Far from the Madding Crowd is very long. There was an intermission. It's also based on a Thomas Hardy Novel. So it was very depressing. Good acting from Terence Stamp and Julie Christie, but mostly just very depressing.

Chocolate, Sex Machine, & World Sinks Except Japan

Chocolate puts forth the interesting idea that the first step to being a muay thai master is to be autistic. It's also offensive in that sense. Let alone all the transgendered individuals in it. However, it was directed by the guy (Prachya Pinkaew) who did Ong-Bak (mentioned in my review of Tom Yum Goong), and stars a young girl as the star, doing ridiculously awesome things in an ice factory, a butcher's shop, and on the side of a building. If you were wondering how people didn't die in the film, just wait until you see the end credits, which is pretty much showing people having serious injuries. It explains some of the quick cuts in the otherwise well-done action scenes. Definitely see this if you like ass-kicking women. Also, it could've been much cooler: IMDB says "The film originally included Zen watching scenes from Bruce Lee and Jackie Chan movies, but these scenes were eventually cut due to licensing problems. The ice factory scene was originally shot as a split screen of Zen imitating the exact same moves she had seen Bruce Lee do in a fight scene. It showed a clip of Bruce Lee doing his fight moves at the same time as Zen was mimicking Bruce Lee's moves. The warehouse scene was shot in a similar fashion, but this time it showed a split screen of Zen imitating Jackie Chan, wherein she would do her interpretation of a Jackie Chan fight routine." I wish there hadn't been licensing problems. I want to see that movie so much.

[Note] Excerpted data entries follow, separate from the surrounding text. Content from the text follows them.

text \<open>The path space factors as the first step times the (identically distributed) rest of
  the path.\<close>
lemma hit_lst_first_step:
  assumes pos: "0 \<le> l1" "0 \<le> l2" "0 \<le> m1" "0 \<le> m2" "0 \<le> Re \<alpha>" and zA: "z \<notin> A"
  shows "hit_lst l1 l2 m1 m2 z A \<alpha> = (\<integral>s. exp (- \<alpha> * complex_of_real (fst s / qout l1 l2 m1 m2 z)) *
     (if jump l1 l2 m1 m2 z (snd s) \<in> A then 1 else hit_lst l1 l2 m1 m2 (jump l1 l2 m1 m2 z (snd s)) A \<alpha>) \<partial>step_space)"
proof -
  let ?f = "discounted_hit l1 l2 m1 m2 z A \<alpha>"
  have cm: "(\<lambda>(s, \<omega>). case_nat s \<omega>) \<in> measurable (step_space \<Otimes>\<^sub>M seq.S) seq.S" by measurable
  have fm: "?f \<in> borel_measurable seq.S" using measurable_discounted_hit unfolding ctmc_space_eq .
  have "hit_lst l1 l2 m1 m2 z A \<alpha> = (\<integral>\<omega>. ?f \<omega> \<partial>distr (step_space \<Otimes>\<^sub>M seq.S) seq.S (\<lambda>(s, \<omega>). case_nat s \<omega>))"
    unfolding hit_lst_eq_integral seq.PiM_iter ctmc_space_eq ..
  also have "\<dots> = (\<integral>p. ?f (case_nat (fst p) (snd p)) \<partial>(step_space \<Otimes>\<^sub>M seq.S))"
    by (subst integral_distr[OF cm fm]) (simp add: split_beta')
  also have "\<dots> = (\<integral>s. \<integral>\<omega>. ?f (case_nat s \<omega>) \<partial>seq.S \<partial>step_space)"
  proof (rule step_seq.integral_fst'[symmetric, where f="\<lambda>p. ?f (case_nat (fst p) (snd p))", simplified])
    have "AE \<omega> in distr (step_space \<Otimes>\<^sub>M seq.S) seq.S (\<lambda>(s, \<omega>). case_nat s \<omega>). \<forall>k. 0 \<le> fst (\<omega> k)"
      unfolding seq.PiM_iter using AE_ctmc_space_nonneg unfolding ctmc_space_eq .
    from AE_distrD[OF cm this]
    have "AE p in step_space \<Otimes>\<^sub>M seq.S. norm (?f (case_nat (fst p) (snd p))) \<le> 1"
      by (auto simp: split_beta' elim!: eventually_mono intro: norm_discounted_hit_le_1[OF pos(1-4) _ pos(5)])
    moreover have "(\<lambda>p. ?f (case_nat (fst p) (snd p))) \<in> borel_measurable (step_space \<Otimes>\<^sub>M seq.S)"
      using measurable_compose[OF cm fm] by (simp add: split_beta')
    ultimately show "integrable (step_space \<Otimes>\<^sub>M seq.S) (\<lambda>p. ?f (case_nat (fst p) (snd p)))"
      by (intro step_seq.integrable_const_bound[where B=1])
  qed
  also have "\<dots> = (\<integral>s. exp (- \<alpha> * complex_of_real (fst s / qout l1 l2 m1 m2 z)) *
     (if jump l1 l2 m1 m2 z (snd s) \<in> A then 1 else hit_lst l1 l2 m1 m2 (jump l1 l2 m1 m2 z (snd s)) A \<alpha>) \<partial>step_space)"
  proof (rule Bochner_Integration.integral_cong[OF refl])
    fix s
    show "(\<integral>\<omega>. ?f (case_nat s \<omega>) \<partial>seq.S) = exp (- \<alpha> * complex_of_real (fst s / qout l1 l2 m1 m2 z)) *
      (if jump l1 l2 m1 m2 z (snd s) \<in> A then 1 else hit_lst l1 l2 m1 m2 (jump l1 l2 m1 m2 z (snd s)) A \<alpha>)"
      unfolding discounted_hit_case_nat[OF zA] integral_mult_right_zero
      by (simp add: hit_lst_eq_integral ctmc_space_eq seq.P.prob_space)
  qed
  finally show ?thesis .
qed

lemma integral_step_space_mult:
  fixes f g :: "real \<Rightarrow> complex"
  assumes [measurable]: "f \<in> borel_measurable borel" "g \<in> borel_measurable borel"
    and f: "\<And>x. 0 \<le> x \<Longrightarrow> norm (f x) \<le> 1" and g: "\<And>u. norm (g u) \<le> 1"
  shows "(\<integral>s. f (fst s) * g (snd s) \<partial>step_space) = (\<integral>x. f x \<partial>Exp1) * (\<integral>u. g u \<partial>Unif01)"
proof -
  have "(\<lambda>s. f (fst s) * g (snd s)) \<in> borel_measurable (borel \<Otimes>\<^sub>M borel)" by measurable
  then have "(\<lambda>s. f (fst s) * g (snd s)) \<in> borel_measurable step_space"
    by (simp add: measurable_cong_sets[OF sets_step_space refl])
  moreover have "AE s in step_space. norm (f (fst s) * g (snd s)) \<le> 1"
    using AE_step_space_nonneg
    by eventually_elim (simp add: norm_mult f g mult_le_one)
  ultimately have "integrable step_space (\<lambda>s. f (fst s) * g (snd s))"
    by (intro seq.M.integrable_const_bound[where B=1])
  then show ?thesis using step.integral_fst'[of "\<lambda>s. f (fst s) * g (snd s)"] by simp
qed

locale two_class_queue =
  fixes l1 l2 m1 m2 :: real
  assumes l1_pos: "0 < l1" and l2_pos: "0 < l2" and m1_pos: "0 < m1" and m2_pos: "0 < m2"
begin

lemma rates_nonneg: "0 \<le> l1" "0 \<le> l2" "0 \<le> m1" "0 \<le> m2"
  using l1_pos l2_pos m1_pos m2_pos by simp_all

lemma qout_eq: "j = 0 \<longrightarrow> 1 \<le> a \<Longrightarrow> qout l1 l2 m1 m2 (a, j) = l1 + l2 + (if j = 0 then m1 else m2)"
  unfolding qout_def by auto

lemma integral_jump:
  fixes H :: "state \<Rightarrow> complex"
  assumes aj: "j = 0 \<longrightarrow> 1 \<le> a"
  defines "m \<equiv> if j = 0 then m1 else m2"
  defines "down \<equiv> if j = 0 then (a - 1, 0) else (a, j - 1)"
  shows "(\<integral>u. H (jump l1 l2 m1 m2 (a, j) u) \<partial>Unif01) =
    (of_real l1 * H (a + 1, j) + of_real l2 * H (a, j + 1) + of_real m * H down) / of_real (l1 + l2 + m)"
proof -
  have q: "qout l1 l2 m1 m2 (a, j) = l1 + l2 + m" using qout_eq[OF aj] by (simp add: m_def)
  have "H (jump l1 l2 m1 m2 (a, j) u) = (if u * (l1 + l2 + m) < l1 then H (a + 1, j)
     else if u * (l1 + l2 + m) < l1 + l2 then H (a, j + 1) else H down)" for u
    unfolding jump_def rate_def Let_def q down_def by auto
  then have "(\<integral>u. H (jump l1 l2 m1 m2 (a, j) u) \<partial>Unif01) =
      (\<integral>u. (if u * (l1 + l2 + m) < l1 then H (a + 1, j) else if u * (l1 + l2 + m) < l1 + l2
            then H (a, j + 1) else H down) \<partial>Unif01)"
    by simp
  also have "\<dots> = (of_real l1 * H (a + 1, j) + of_real l2 * H (a, j + 1) + of_real m * H down) /
      of_real (l1 + l2 + m)"
    using l1_pos l2_pos m1_pos m2_pos
    by (subst integral_uniform_three_steps) (auto simp: m_def)
  finally show ?thesis .
qed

Sex Machine is a wacky Japanese pinku film about a woman whose son has fighting cockroaches and so do most of her suitors. I honestly cannot recall why I added this to my Netflix queue. It's very short and softcore porn. Only one of those two are things I tend to like in movies. Maybe if it had been more like the original title: "The Strange Saga of Hiroshi the Freeloading Sex Machine". That would've been better.

World Sinks Except Japan is a satire of Japan's relationship with the rest of the world. As a satire it falls flat. As a movie it falls flat. I basically kept watching because I wondered if it actually had anywhere to go. But nope, it just ended with a stupid Dr. Strangelove "homage" and me wasting my time. Boo.